(* For any formula $A$, there exists an adequate $A$-removing mapping $\mathsf{re}_A:\mathcal P\times\mathcal P\to\mathcal P$.
   Context: Formulas are built from $\bot$ and atoms by $\to$ and $\Box$; sequents $\Gamma\Rightarrow\Delta$ have finite multisets of formulas on each side; $\Box\Pi$ denotes $\{\Box B:B\in\Pi\}$. The calculus $\mathsf{Grz}_\infty+\mathsf{cut}$ has initial sequents $\Gamma,p\Rightarrow p,\Delta$ ($p$ atomic), $\Gamma,\bot\Rightarrow\Delta$, and rules $(\to_L)$ from $\Gamma,B\Rightarrow\Delta$ and $\Gamma\Rightarrow A,\Delta$ infer $\Gamma,A\to B\Rightarrow\Delta$; $(\to_R)$ from $\Gamma,A\Rightarrow B,\Delta$ infer $\Gamma\Rightarrow A\to B,\Delta$; $(\mathsf{refl})$ from $\Gamma,B,\Box B\Rightarrow\Delta$ infer $\Gamma,\Box B\Rightarrow\Delta$; $(\Box)$ from left premise $\Gamma,\Box\Pi\Rightarrow A,\Delta$ and right premise $\Box\Pi\Rightarrow A$ infer $\Gamma,\Box\Pi\Rightarrow\Box A,\Delta$; $(\mathsf{cut})$ from $\Gamma\Rightarrow A,\Delta$ and $\Gamma,A\Rightarrow\Delta$ infer $\Gamma\Rightarrow\Delta$. An $\infty$-proof is a possibly infinite tree of sequents built by these rules with leaves labelled by initial sequents, in which every infinite branch passes through a right premise of $(\Box)$ infinitely often; $\mathcal P$ is the set of all $\infty$-proofs. The $n$-fragment of an $\infty$-proof is the finite tree obtained by cutting every branch at the $n$-th (from the root) right premise of $(\Box)$. Write $\pi\sim_n\tau$ if the $n$-fragments of $\pi,\tau$ coincide, and $\pi\sim_0\tau$ always. $\mathcal P_n$ is the set of $\infty$-proofs with no application of $(\mathsf{cut})$ in their $n$-fragment, and $\mathcal P_0=\mathcal P$. A pair $(\pi,\tau)$ is a cut pair with cut formula $A$ and cut result $\Gamma\Rightarrow\Delta$ if $\pi$ is an $\infty$-proof of $\Gamma\Rightarrow\Delta,A$ and $\tau$ is an $\infty$-proof of $A,\Gamma\Rightarrow\Delta$. A mapping $\mathsf u:\mathcal P\times\mathcal P\to\mathcal P$ is $A$-removing if it is non-expansive (i.e. $\pi\sim_n\pi'$ and $\tau\sim_n\tau'$ imply $\mathsf u(\pi,\tau)\sim_n\mathsf u(\pi',\tau')$ for all $n$) and maps every cut pair with cut formula $A$ to an $\infty$-proof of its cut result. It is adequate if for every $n\in\mathbb N$, $\pi,\tau\in\mathcal P_n$ implies $\mathsf u(\pi,\tau)\in\mathcal P_n$. *)

theory Defs
  imports Main "HOL-Library.Multiset"
begin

-.-.-

■ **Problem to solve**:
Can you give every line above again, exactly as written?

■ **Result**:
(* For any formula $A$, there exists an adequate $A$-removing mapping $\mathsf{re}_A:\mathcal P\times\mathcal P\to\mathcal P$.
   Context: Formulas are built from $\bot$ and atoms by $\to$ and $\Box$; sequents $\Gamma\Rightarrow\Delta$ have finite multisets of formulas on each side; $\Box\Pi$ denotes $\{\Box B:B\in\Pi\}$. The calculus $\mathsf{Grz}_\infty+\mathsf{cut}$ has initial sequents $\Gamma,p\Rightarrow p,\Delta$ ($p$ atomic), $\Gamma,\bot\Rightarrow\Delta$, and rules $(\to_L)$ from $\Gamma,B\Rightarrow\Delta$ and $\Gamma\Rightarrow A,\Delta$ infer $\Gamma,A\to B\Rightarrow\Delta$; $(\to_R)$ from $\Gamma,A\Rightarrow B,\Delta$ infer $\Gamma\Rightarrow A\to B,\Delta$; $(\mathsf{refl})$ from $\Gamma,B,\Box B\Rightarrow\Delta$ infer $\Gamma,\Box B\Rightarrow\Delta$; $(\Box)$ from left premise $\Gamma,\Box\Pi\Rightarrow A,\Delta$ and right premise $\Box\Pi\Rightarrow A$ infer $\Gamma,\Box\Pi\Rightarrow\Box A,\Delta$; $(\mathsf{cut})$ from $\Gamma\Rightarrow A,\Delta$ and $\Gamma,A\Rightarrow\Delta$ infer $\Gamma\Rightarrow\Delta$. An $\infty$-proof is a possibly infinite tree of sequents built by these rules with leaves labelled by initial sequents, in which every infinite branch passes through a right premise of $(\Box)$ infinitely often; $\mathcal P$ is the set of all $\infty$-proofs. The $n$-fragment of an $\infty$-proof is the finite tree obtained by cutting every branch at the $n$-th (from the root) right premise of $(\Box)$. Write $\pi\sim_n\tau$ if the $n$-fragments of $\pi,\tau$ coincide, and $\pi\sim_0\tau$ always. $\mathcal P_n$ is the set of $\infty$-proofs with no application of $(\mathsf{cut})$ in their $n$-fragment, and $\mathcal P_0=\mathcal P$. A pair $(\pi,\tau)$ is a cut pair with cut formula $A$ and cut result $\Gamma\Rightarrow\Delta$ if $\pi$ is an $\infty$-proof of $\Gamma\Rightarrow\Delta,A$ and $\tau$ is an $\infty$-proof of $A,\Gamma\Rightarrow\Delta$. A mapping $\mathsf u:\mathcal P\times\mathcal P\to\mathcal P$ is $A$-removing if it is non-expansive (i.e. $\pi\sim_n\pi'$ and $\tau\sim_n\tau'$ imply $\mathsf u(\pi,\tau)\sim_n\mathsf u(\pi',\tau')$ for all $n$) and maps every cut pair with cut formula $A$ to an $\infty$-proof of its cut result. It is adequate if for every $n\in\mathbb N$, $\pi,\tau\in\mathcal P_n$ implies $\mathsf u(\pi,\tau)\in\mathcal P_n$. *)

theory Defs
  imports Main "HOL-Library.Multiset"
begin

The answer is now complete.